■ Task requirements
From the entries below, copy out every line with "bool" in it.

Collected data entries
++++++++++++++++++++

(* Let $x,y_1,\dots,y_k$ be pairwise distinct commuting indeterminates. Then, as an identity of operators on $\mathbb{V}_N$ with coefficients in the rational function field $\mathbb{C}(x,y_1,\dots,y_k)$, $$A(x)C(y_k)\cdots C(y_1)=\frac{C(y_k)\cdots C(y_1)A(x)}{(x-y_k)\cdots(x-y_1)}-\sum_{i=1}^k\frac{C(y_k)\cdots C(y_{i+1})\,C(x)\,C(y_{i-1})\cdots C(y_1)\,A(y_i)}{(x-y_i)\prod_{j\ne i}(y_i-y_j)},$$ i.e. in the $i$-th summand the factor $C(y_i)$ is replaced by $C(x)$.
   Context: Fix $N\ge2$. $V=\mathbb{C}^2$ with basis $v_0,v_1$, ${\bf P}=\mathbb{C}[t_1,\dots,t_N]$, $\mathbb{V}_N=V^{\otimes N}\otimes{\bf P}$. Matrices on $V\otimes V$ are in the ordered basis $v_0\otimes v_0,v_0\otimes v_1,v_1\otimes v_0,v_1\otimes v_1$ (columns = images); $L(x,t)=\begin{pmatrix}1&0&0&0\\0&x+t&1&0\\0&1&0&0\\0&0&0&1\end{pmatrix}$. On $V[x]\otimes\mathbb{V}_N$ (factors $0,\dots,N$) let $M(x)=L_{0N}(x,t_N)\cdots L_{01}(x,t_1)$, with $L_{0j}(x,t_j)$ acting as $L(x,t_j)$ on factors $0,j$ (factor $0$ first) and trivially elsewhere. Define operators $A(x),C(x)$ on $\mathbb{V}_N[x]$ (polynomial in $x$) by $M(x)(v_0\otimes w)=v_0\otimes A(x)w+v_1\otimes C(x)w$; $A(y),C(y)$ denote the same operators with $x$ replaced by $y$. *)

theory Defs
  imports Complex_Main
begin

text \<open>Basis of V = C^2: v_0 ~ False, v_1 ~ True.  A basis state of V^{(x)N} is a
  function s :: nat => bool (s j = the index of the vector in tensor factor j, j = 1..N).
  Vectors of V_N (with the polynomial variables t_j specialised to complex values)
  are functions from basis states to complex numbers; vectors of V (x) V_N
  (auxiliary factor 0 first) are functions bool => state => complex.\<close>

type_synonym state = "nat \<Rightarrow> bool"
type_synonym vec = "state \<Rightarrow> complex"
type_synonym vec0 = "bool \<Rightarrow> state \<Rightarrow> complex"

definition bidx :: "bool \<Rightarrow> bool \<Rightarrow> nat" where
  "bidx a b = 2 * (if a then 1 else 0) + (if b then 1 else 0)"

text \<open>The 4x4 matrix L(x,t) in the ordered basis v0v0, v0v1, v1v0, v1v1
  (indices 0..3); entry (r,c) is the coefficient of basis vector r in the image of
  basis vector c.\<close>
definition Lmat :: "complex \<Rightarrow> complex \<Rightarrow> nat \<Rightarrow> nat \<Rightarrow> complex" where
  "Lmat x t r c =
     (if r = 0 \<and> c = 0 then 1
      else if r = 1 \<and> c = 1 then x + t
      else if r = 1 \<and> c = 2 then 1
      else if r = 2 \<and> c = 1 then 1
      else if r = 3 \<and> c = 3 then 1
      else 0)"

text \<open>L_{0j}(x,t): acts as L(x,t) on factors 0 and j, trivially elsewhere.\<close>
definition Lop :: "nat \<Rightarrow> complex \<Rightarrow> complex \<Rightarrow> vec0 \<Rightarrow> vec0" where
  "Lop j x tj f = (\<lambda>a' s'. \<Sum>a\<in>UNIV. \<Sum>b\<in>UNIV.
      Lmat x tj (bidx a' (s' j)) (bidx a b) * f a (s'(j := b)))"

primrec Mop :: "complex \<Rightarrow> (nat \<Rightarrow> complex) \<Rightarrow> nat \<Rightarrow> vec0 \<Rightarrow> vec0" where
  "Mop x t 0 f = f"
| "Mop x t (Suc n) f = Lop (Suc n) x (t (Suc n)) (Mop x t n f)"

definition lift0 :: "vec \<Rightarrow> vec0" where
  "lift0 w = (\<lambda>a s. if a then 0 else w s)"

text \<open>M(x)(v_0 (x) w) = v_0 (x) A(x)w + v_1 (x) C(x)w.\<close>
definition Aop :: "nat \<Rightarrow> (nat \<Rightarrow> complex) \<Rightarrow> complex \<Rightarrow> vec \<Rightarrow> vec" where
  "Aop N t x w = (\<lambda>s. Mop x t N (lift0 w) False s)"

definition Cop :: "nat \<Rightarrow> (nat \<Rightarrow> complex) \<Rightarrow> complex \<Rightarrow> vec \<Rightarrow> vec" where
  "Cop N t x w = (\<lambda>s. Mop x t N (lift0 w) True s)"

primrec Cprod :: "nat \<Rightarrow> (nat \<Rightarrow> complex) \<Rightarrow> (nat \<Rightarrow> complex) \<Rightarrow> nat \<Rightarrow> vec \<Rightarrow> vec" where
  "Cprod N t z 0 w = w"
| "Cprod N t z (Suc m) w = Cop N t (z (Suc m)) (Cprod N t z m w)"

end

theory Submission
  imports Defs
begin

++++++++++++++++++++

■ Result
  function s :: nat => bool (s j = the index of the vector in tensor factor j, j = 1..N).
  (auxiliary factor 0 first) are functions bool => state => complex.\<close>
type_synonym state = "nat \<Rightarrow> bool"
type_synonym vec0 = "bool \<Rightarrow> state \<Rightarrow> complex"
definition bidx :: "bool \<Rightarrow> bool \<Rightarrow> nat" where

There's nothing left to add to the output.